Debo matizar que el término sopa había sido acuñado por los periodistas que difundieron el resumen de nuestra presentación -nosotros hablábamos de plasma- y fue aprovechado por Barry Ledig con fines satíricos. La palabra «humo», en cambio, sí se mentó en nuestras conclusiones finales para referirnos de forma sencilla a las radiaciones por las que deducíamos lo que había ocurrido antes, durante unas fracciones de segundo y a altísimas temperaturas. «No se ve el humo -añadió Barry desde el estrado, mirando a la audiencia con aire desafiante-, ni tampoco el revólver humeante, de modo que nuestros detectives tal vez hayan seguido una pista falsa.»

Por entonces, Barry trabajaba en el RHIC de Brookhaven, donde precisamente estaban interesados en conseguir la separación de quarks; tal vez les habíamos tomado la delantera y por ello intentaban frenarnos.

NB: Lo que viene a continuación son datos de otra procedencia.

definition colours :: "'a::linorder list \<Rightarrow> nat list" where
  "colours xs =
     snd (foldl (\<lambda>(ys, cs) x. (ys @ [x], cs @ [new_colour ys cs x])) ([], []) xs)"

lemma colours_Nil [simp]: "colours [] = []"
  by (simp add: colours_def)

lemma colours_snoc: "colours (xs @ [x]) = colours xs @ [new_colour xs (colours xs) x]"
proof -
  let ?step = "\<lambda>(ys, cs) x. (ys @ [x], cs @ [new_colour ys cs x])"
  have "foldl ?step ([], []) xs = (xs, colours xs)"
    unfolding colours_def by (induction xs rule: rev_induct) (auto split: prod.split)
  have "colours (xs @ [x]) = snd (?step (foldl ?step ([], []) xs) x)"
    unfolding colours_def by simp
  with \<open>foldl ?step ([], []) xs = (xs, colours xs)\<close> show ?thesis by simp
qed

lemma length_colours [simp]: "length (colours xs) = length xs"
  by (induction xs rule: rev_induct) (auto simp: colours_snoc)

lemma nth_colours:
  "p < length xs \<Longrightarrow>
     colours xs ! p = (LEAST c. 1 \<le> c \<and> (\<forall>j<p. xs!p < xs!j \<longrightarrow> colours xs!j \<noteq> c))"
proof (induction xs arbitrary: p rule: rev_induct)
  case (snoc x xs)
  have prefix: "(xs @ [x])!j = xs!j \<and> colours (xs @ [x])!j = colours xs!j" if "j < length xs" for j
    using that by (simp add: nth_append colours_snoc)
  show ?case
  proof (cases "p < length xs")
    case True
    with snoc.IH show ?thesis using prefix by (simp add: prefix cong: conj_cong)
  next
    case False
    with snoc.prems have "p = length xs" by simp
    thus ?thesis using prefix by (simp add: colours_snoc new_colour_def nth_append)
  qed
qed simp

lemma colours_props:
  assumes "p < length xs"
  shows "1 \<le> colours xs ! p"
    "\<And>j. j < p \<Longrightarrow> xs!p < xs!j \<Longrightarrow> colours xs!j \<noteq> colours xs!p"
    "\<And>c. 1 \<le> c \<Longrightarrow> c < colours xs!p \<Longrightarrow> \<exists>j<p. xs!p < xs!j \<and> colours xs!j = c"
    "\<And>c. 1 \<le> c \<Longrightarrow> (\<forall>j<p. xs!p < xs!j \<longrightarrow> colours xs!j \<noteq> c) \<Longrightarrow> colours xs!p \<le> c"
  using Least_unused_colour[where p = p and Q = "\<lambda>j. xs!p < xs!j" and f = "\<lambda>j. colours xs!j"]
  unfolding nth_colours[OF assms] by auto

lemma new_colour_props:
  fixes xs :: "'a::linorder list" and x :: 'a
  defines "F \<equiv> new_colour xs (colours xs) x"
  shows "1 \<le> F"
    "\<And>j. j < length xs \<Longrightarrow> x < xs!j \<Longrightarrow> colours xs!j \<noteq> F"
    "\<And>c. 1 \<le> c \<Longrightarrow> c < F \<Longrightarrow> \<exists>j<length xs. x < xs!j \<and> colours xs!j = c"
    "\<And>c. 1 \<le> c \<Longrightarrow> (\<forall>j<length xs. x < xs!j \<longrightarrow> colours xs!j \<noteq> c) \<Longrightarrow> F \<le> c"
  using Least_unused_colour[where p = "length xs" and Q = "\<lambda>j. x < xs!j" and f = "\<lambda>j. colours xs!j"]
  unfolding F_def new_colour_def by auto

Durante la cena de clausura del congreso, ya en los postres se acercó a felicitarme mordiendo un puro por la comisura de la boca. Le estreché la mano sin entusiasmo, por cortesía. Era una mano regordeta y menos vigorosa de lo que esperaba. Le pregunté si de veras creía que nuestros resultados eran falsos. Se echó a reír con una risa de granuja y eludió pronunciarse.

Resulta paradójico que ese desengaño fuera el detonante de mi decisión final a favor de Elena. Me sentí menospreciado. En dos días en Turín habían pisoteado varios años de trabajo. Ya no tenía ilusión en seguir por ese camino, de modo que podía renunciar al CERN y establecerme en Madrid junto a Elena. Y eso fue exactamente lo que hice. En realidad, nunca supe si fue Elena lo que me hizo volver a ella, o si fue el despecho y la rabia. Un despecho que hice extensivo a la comunidad de físicos de partículas. Elena Blanco se me ofrecía como un refugio sentimental. Claro que ni yo mismo era consciente de este importante matiz. Creí que mi elección era una apuesta por ella, por un futuro juntos. Así lo entendió también ella.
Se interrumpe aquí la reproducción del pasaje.